/Lyft lost $911 million on $2.1 billion in revenue last year, but sees sales growing faster than losses – CNBC

Lyft lost $911 million on $2.1 billion in revenue last year, but sees sales growing faster than losses – CNBC

Lyft released its long-awaited IPO prospectus Friday, revealing that the Uber archrival lost $911 million on $2.1 billion in revenue last year. The No. 2 ride-hailing company, however, expects sales to grow faster than losses, and it posted a growing share of the market.

Lyft is likely to be among the first of a hefty class of 2019 public offerings. The company, which has been racing against Uber to the IPO market, is seeking to go public on the Nasdaq under the ticker symbol LYFT.

The company has been clawing market share from industry leader Uber, according to the filing. Lyft claimed 39 percent of the U.S. market at the end 2018, up 17 percentage points over two years.

Here’s how the company said it did in 2018:

  • Net loss: $911 million, an increase of 32 percent from 2017
  • Revenue: $2.2 billion, double the revenue it saw in 2017
  • Bookings: $8.1 billion, an increase of 76 percent from 2017

Lyft didn’t specify the amount it hopes to raise in the public offering, instead opting for a placeholder amount of $100 million.

Reuters reported earlier that Lyft expects to be valued between $20 billion and $25 billion in its IPO. Uber, which has been releasing unaudited financials for several quarters, was said to seek valuation as high as $120 billion for its upcoming IPO, according to The Wall Street Journal.

Lyft has seen strong growth in both active riders — the number of users who take at least one ride per quarter — and total rides per quarter.

Average revenue per active user has grown at a less consistent pace, reflecting pricing experiments. Lyft frequently offers discounts to customers who have fallen off from regular use, and recently introduced a membership service.

Japanese ad-tech company Rakuten stands to see the largest windfall from a successful IPO. The company owns 13 percent of Lyft, followed by General Motors‘ 7.8 percent stake and Fidelity’s 7.7 percent. Venture firm Andreessen Horowitz owns 6.3 percent, and Alphabet owns 5.3 percent.

Co-founders Logan Green and John Zimmer will maintain a “concentrated control” of voting shares through a dual-class system, according to the filing. The prospectus doesn’t specify what percentage of the voting class Green and Zimmer will own, but a person familiar with the plans told CNBC their combined stakes would constitute less than 50 percent of the voting power.

The company’s drivers will also stand to benefit. Lyft drivers who are “in good standing” will be granted a one-time cash bonus of $1,000 to $10,000 depending on how many rides they’ve completed. The drivers can choose to use that bonus to purchase shares in the company through a directed share program.

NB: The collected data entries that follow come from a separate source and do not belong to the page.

lemma distr_shifted_path: "distr M path_space (shifted_path j) = distr M path_space (shifted_path 0)"
proof (induction j)
  case (Suc j)
  let ?S = "\<lambda>f. \<lambda>t::int. f (t + 1)"
  have "(\<lambda>f. \<lambda>t\<in>UNIV. f (t + 1)) \<in> measurable path_space path_space"
    by (rule measurable_restrict) (rule measurable_component_singleton, simp)
  then have measurable_S: "?S \<in> measurable path_space path_space" by (simp add: restrict_UNIV)
  have "shifted_path (Suc j) = ?S \<circ> shifted_path j" "shifted_path 1 = ?S \<circ> shifted_path 0"
    by (auto simp: shifted_path_def fun_eq_iff algebra_simps)
  then have "distr M path_space (shifted_path (Suc j)) = distr (distr M path_space (shifted_path j)) path_space ?S"
    "distr M path_space (shifted_path 1) = distr (distr M path_space (shifted_path 0)) path_space ?S"
    by (simp_all add: distr_distr[OF measurable_S measurable_shifted_path])
  moreover have "distr M path_space (shifted_path 1) = distr M path_space (shifted_path 0)"
    using stationary unfolding jointly_stationary_def shifted_path_def by simp
  ultimately show ?case using Suc by simp
qed simp

lemma coord_entropy_shift:
  assumes "finite A"
  shows "coord_entropy (shift_coord j ` A) = coord_entropy A"
proof -
  define coords :: "(int \<Rightarrow> 'y \<times> 'r) \<Rightarrow> int + int \<Rightarrow> 'y + 'r" where
    "coords p = restrict (\<lambda>c. case c of Inl i \<Rightarrow> Inl (fst (p i)) | Inr i \<Rightarrow> Inr (snd (p i))) A" for p
  have inj: "inj (shift_coord j)"
  proof (rule injI)
    fix x y assume "shift_coord j x = shift_coord j y"
    then show "x = y" by (cases x; cases y) (simp_all add: shift_coord_def)
  qed
  have "coord_entropy (shift_coord j ` A) = shannon_entropy M (\<lambda>\<omega>. coords (shifted_path j \<omega>))"
    unfolding coord_entropy_def
  proof (rule shannon_entropy_cong_bij[where f="\<lambda>v. restrict (\<lambda>c. v (inv (shift_coord j) c)) (shift_coord j ` A)"
        and g="\<lambda>u. restrict (\<lambda>c. u (shift_coord j c)) A"])
    show "\<forall>\<omega>\<in>space M. restrict (obs \<omega>) (shift_coord j ` A) =
       restrict (\<lambda>c. coords (shifted_path j \<omega>) (inv (shift_coord j) c)) (shift_coord j ` A)"
      using inj by (auto simp: fun_eq_iff restrict_def coords_def shifted_path_def obs_def shift_coord_def
          split: sum.splits)
    show "\<forall>\<omega>\<in>space M. coords (shifted_path j \<omega>) = restrict (\<lambda>c. restrict (obs \<omega>) (shift_coord j ` A) (shift_coord j c)) A"
      by (auto simp: fun_eq_iff restrict_def coords_def shifted_path_def obs_def shift_coord_def
          split: sum.splits)
  qed
  also have "\<dots> = shannon_entropy M (\<lambda>\<omega>. coords (shifted_path 0 \<omega>))"
  proof (rule shannon_entropy_distr_eq[OF measurable_shifted_path measurable_shifted_path distr_shifted_path])
    show "{p \<in> space path_space. coords p = x} \<in> sets path_space" for x
      unfolding coords_def by (rule sets_restrict_eq[OF assms measurable_sum_coordinate])
    have "coords ` space path_space \<subseteq> PiE A (\<lambda>_. UNIV)" unfolding coords_def by auto
    then show "finite (coords ` space path_space)"
      by (rule finite_subset) (use assms in \<open>intro finite_PiE, auto\<close>)
  qed
  also have "\<dots> = coord_entropy A"
    unfolding coord_entropy_def
    by (rule arg_cong[where f="shannon_entropy M"])
      (auto simp: fun_eq_iff restrict_def coords_def shifted_path_def obs_def split: sum.splits)
  finally show ?thesis .
qed

lemma shift_coord_window: "shift_coord j ` window_coords a b = window_coords (a + int j) (b + int j)"
proof -
  have "{a + int j..b + int j} = (\<lambda>i. i + int j) ` {a..b}" by simp
  then show ?thesis
    by (simp add: shift_coord_def image_image del: image_add_atLeastAtMost image_add_atLeastAtMost')
qed

lemma window_cond_entropy_shift:
  "window_cond_entropy (t + int j) (a + int j) (b + int j) = window_cond_entropy t a b"
proof -
  have "shift_coord j ` ({Inr t} \<union> window_coords a b) = {Inr (t + int j)} \<union> window_coords (a + int j) (b + int j)"
    unfolding image_Un shift_coord_window by (simp add: shift_coord_def)
  then show ?thesis
    using coord_entropy_shift[of "{Inr t} \<union> window_coords a b" j] coord_entropy_shift[of "window_coords a b" j]
    by (simp add: window_cond_entropy_def coord_cond_entropy_def shift_coord_window)
qed

lemma coord_entropy_R_shift: "coord_entropy {Inr (t + int j)} = coord_entropy {Inr t}"
  using coord_entropy_shift[of "{Inr t}" j] by (simp add: shift_coord_def)

definition past_limit :: real where
  "past_limit = lim (\<lambda>n. window_cond_entropy 0 (- int n) 0)"

definition two_sided_limit :: real where
  "two_sided_limit = lim (\<lambda>n. window_cond_entropy 0 (- int n) (int n))"

lemma tendsto_window_cond_entropy_past:
  "(\<lambda>n. window_cond_entropy (int j) (- int n) (int j)) \<longlonglongrightarrow> past_limit"
proof -
  have "convergent (\<lambda>n. window_cond_entropy 0 (- int n) 0)"
    unfolding window_cond_entropy_def by (rule convergent_coord_cond_entropy) auto
  then have "(\<lambda>n. window_cond_entropy 0 (- int (n + j)) 0) \<longlonglongrightarrow> past_limit"
    unfolding past_limit_def convergent_LIMSEQ_iff by (rule LIMSEQ_ignore_initial_segment)
  moreover have "window_cond_entropy (int j) (- int n) (int j) = window_cond_entropy 0 (- int (n + j)) 0" for n
    using window_cond_entropy_shift[of 0 j "- int (n + j)" 0] by simp
  ultimately show ?thesis by simp
qed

Lyft has been named to the CNBC Disruptor 50 List three times, ranking fifth on the 2018 list.

J.P. Morgan, Credit Suisse and Jefferies are the lead underwriters of the offering.

Clarification: This story has been updated to remove an incorrect time span for Lyft’s bookings. The $8.1 billion in bookings was for 2018.

—CNBC’s Deirdre Bosa contributed to this report.